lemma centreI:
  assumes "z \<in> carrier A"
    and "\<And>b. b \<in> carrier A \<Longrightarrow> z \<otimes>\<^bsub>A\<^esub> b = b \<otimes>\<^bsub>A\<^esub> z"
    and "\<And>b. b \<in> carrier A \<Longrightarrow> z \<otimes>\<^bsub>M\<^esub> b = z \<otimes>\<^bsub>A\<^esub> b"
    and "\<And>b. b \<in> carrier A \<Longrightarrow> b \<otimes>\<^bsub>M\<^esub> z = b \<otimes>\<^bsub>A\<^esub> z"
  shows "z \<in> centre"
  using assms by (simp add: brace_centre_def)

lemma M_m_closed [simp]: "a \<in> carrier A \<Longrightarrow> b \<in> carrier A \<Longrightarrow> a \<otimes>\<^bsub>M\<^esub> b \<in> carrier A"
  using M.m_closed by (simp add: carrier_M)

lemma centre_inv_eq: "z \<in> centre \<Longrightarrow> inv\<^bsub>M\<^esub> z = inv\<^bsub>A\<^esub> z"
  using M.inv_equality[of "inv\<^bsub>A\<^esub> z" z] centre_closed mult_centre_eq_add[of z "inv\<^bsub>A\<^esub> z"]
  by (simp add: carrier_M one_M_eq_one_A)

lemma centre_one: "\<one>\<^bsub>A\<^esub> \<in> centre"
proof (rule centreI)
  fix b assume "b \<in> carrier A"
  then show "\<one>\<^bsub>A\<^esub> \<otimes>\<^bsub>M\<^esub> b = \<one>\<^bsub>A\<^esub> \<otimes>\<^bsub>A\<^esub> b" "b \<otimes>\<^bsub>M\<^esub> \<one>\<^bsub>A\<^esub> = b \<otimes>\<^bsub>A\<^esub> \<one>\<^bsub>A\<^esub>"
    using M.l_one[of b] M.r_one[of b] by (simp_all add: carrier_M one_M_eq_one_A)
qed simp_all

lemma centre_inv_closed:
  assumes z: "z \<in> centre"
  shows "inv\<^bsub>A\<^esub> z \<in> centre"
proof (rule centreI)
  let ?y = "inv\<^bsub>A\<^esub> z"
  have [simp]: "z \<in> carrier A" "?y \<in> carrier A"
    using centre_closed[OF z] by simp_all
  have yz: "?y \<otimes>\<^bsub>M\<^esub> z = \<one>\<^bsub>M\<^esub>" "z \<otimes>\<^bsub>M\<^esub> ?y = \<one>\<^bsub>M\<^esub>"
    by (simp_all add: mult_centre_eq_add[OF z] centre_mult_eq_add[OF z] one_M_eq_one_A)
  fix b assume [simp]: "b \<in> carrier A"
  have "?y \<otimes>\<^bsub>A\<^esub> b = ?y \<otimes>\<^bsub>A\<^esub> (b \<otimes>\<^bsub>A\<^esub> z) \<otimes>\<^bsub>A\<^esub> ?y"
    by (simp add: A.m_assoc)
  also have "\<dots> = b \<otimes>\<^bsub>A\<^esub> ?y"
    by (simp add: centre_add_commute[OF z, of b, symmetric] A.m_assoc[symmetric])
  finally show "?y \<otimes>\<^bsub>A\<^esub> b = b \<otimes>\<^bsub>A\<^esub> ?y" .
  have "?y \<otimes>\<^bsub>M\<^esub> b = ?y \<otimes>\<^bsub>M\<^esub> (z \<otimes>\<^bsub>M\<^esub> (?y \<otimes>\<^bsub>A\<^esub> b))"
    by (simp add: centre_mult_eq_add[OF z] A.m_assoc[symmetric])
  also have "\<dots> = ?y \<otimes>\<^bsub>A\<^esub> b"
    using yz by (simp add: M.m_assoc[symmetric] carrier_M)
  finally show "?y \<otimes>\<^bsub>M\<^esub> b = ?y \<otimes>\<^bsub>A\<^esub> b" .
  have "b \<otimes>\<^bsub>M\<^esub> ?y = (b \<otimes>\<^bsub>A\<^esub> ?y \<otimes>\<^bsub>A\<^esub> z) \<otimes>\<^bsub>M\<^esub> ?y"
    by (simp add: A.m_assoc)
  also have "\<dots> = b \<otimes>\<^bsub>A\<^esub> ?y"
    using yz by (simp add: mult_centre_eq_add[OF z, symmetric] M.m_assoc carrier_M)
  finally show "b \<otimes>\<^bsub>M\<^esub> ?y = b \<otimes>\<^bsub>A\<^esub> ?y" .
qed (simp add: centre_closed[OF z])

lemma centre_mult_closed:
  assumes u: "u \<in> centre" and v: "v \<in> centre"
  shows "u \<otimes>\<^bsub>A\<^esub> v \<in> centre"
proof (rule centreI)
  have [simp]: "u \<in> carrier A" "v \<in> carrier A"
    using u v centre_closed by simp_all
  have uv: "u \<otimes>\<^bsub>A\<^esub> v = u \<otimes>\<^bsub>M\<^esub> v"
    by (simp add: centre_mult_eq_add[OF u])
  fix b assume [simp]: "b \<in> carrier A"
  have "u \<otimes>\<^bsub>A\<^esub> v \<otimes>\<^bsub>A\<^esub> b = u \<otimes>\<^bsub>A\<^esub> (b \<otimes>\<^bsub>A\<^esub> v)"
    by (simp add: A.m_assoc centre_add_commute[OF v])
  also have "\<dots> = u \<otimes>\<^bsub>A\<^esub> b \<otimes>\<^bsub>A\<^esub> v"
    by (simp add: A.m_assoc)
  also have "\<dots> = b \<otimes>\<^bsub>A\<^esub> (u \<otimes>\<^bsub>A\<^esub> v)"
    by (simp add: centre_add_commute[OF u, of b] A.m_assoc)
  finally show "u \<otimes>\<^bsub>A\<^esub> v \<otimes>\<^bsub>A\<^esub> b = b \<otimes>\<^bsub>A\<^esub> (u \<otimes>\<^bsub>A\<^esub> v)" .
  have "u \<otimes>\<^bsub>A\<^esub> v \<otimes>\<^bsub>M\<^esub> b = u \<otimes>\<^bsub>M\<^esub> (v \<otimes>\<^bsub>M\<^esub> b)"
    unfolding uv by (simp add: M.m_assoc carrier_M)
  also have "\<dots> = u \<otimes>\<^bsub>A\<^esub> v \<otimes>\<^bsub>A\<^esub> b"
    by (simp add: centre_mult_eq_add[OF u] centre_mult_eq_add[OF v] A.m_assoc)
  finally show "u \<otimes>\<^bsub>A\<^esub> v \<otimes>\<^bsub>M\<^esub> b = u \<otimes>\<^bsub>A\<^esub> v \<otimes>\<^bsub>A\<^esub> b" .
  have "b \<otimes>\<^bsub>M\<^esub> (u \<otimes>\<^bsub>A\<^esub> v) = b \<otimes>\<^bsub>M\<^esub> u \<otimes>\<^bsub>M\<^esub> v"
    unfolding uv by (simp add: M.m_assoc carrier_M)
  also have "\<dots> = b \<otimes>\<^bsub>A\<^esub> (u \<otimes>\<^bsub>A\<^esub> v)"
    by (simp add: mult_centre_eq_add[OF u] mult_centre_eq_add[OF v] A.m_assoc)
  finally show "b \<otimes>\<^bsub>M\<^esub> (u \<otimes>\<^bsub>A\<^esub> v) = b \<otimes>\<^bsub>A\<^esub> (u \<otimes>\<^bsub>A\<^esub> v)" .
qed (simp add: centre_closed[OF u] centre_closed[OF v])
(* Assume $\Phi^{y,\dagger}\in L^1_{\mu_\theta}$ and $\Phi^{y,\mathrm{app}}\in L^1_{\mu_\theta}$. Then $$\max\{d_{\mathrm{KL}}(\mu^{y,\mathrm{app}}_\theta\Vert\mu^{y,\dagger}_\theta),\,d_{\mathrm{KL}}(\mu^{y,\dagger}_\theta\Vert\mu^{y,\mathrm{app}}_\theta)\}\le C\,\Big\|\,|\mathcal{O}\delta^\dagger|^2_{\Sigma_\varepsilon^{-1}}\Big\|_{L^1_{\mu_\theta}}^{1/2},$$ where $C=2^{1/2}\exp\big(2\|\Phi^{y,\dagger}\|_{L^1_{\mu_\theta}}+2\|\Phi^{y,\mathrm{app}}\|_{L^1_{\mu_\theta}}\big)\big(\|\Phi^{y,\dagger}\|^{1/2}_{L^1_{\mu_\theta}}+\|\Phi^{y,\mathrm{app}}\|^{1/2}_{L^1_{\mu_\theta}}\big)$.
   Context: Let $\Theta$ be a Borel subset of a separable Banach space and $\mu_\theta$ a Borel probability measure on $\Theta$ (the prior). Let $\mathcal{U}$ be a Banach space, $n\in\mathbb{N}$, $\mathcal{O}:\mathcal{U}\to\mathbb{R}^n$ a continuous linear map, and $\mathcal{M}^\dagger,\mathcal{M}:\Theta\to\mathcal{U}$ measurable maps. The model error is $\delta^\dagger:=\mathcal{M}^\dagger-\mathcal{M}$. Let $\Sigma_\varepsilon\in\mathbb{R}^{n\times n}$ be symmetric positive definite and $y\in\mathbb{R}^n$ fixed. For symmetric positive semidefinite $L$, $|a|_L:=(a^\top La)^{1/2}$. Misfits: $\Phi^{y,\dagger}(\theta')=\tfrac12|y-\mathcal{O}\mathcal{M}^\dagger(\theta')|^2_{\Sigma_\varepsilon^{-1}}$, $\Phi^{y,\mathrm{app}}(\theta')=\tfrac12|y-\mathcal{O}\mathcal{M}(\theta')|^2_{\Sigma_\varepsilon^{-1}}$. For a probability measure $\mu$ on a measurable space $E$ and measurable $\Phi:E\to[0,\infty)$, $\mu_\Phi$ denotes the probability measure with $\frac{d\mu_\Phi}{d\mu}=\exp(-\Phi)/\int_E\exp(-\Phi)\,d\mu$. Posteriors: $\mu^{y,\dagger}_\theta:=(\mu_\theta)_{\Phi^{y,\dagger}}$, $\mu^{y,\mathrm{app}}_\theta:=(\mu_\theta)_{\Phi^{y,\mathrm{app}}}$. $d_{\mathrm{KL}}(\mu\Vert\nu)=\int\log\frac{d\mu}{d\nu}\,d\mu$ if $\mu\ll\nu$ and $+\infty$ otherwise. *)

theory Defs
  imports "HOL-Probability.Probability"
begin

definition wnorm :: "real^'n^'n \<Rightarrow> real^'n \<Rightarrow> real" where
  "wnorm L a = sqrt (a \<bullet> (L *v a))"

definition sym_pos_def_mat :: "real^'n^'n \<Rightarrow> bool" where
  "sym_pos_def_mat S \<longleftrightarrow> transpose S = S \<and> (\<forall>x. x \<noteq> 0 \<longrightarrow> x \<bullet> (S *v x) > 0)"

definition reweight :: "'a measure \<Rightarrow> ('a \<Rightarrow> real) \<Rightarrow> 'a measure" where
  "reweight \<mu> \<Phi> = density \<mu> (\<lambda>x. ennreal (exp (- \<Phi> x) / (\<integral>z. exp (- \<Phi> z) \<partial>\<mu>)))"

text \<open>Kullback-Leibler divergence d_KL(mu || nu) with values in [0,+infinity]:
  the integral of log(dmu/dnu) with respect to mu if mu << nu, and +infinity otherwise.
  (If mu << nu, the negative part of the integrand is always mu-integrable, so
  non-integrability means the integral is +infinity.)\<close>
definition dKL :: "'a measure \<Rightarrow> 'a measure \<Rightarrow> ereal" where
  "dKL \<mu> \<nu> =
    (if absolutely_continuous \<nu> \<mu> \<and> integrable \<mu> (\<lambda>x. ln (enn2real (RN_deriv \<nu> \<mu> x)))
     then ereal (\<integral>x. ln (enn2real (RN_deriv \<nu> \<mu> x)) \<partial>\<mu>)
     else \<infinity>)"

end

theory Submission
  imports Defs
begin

Exercise brief - Working from the data above, extract solely the lines from the one containing "v) = b \<otimes>\<^bsub>A\<^esub>" through the one containing "qed (simp add: centre_closed[OF u]", exactly as they appear, both included.

Response for this exercise -
  finally show "b \<otimes>\<^bsub>M\<^esub> (u \<otimes>\<^bsub>A\<^esub> v) = b \<otimes>\<^bsub>A\<^esub> (u \<otimes>\<^bsub>A\<^esub> v)" .
qed (simp add: centre_closed[OF u] centre_closed[OF v])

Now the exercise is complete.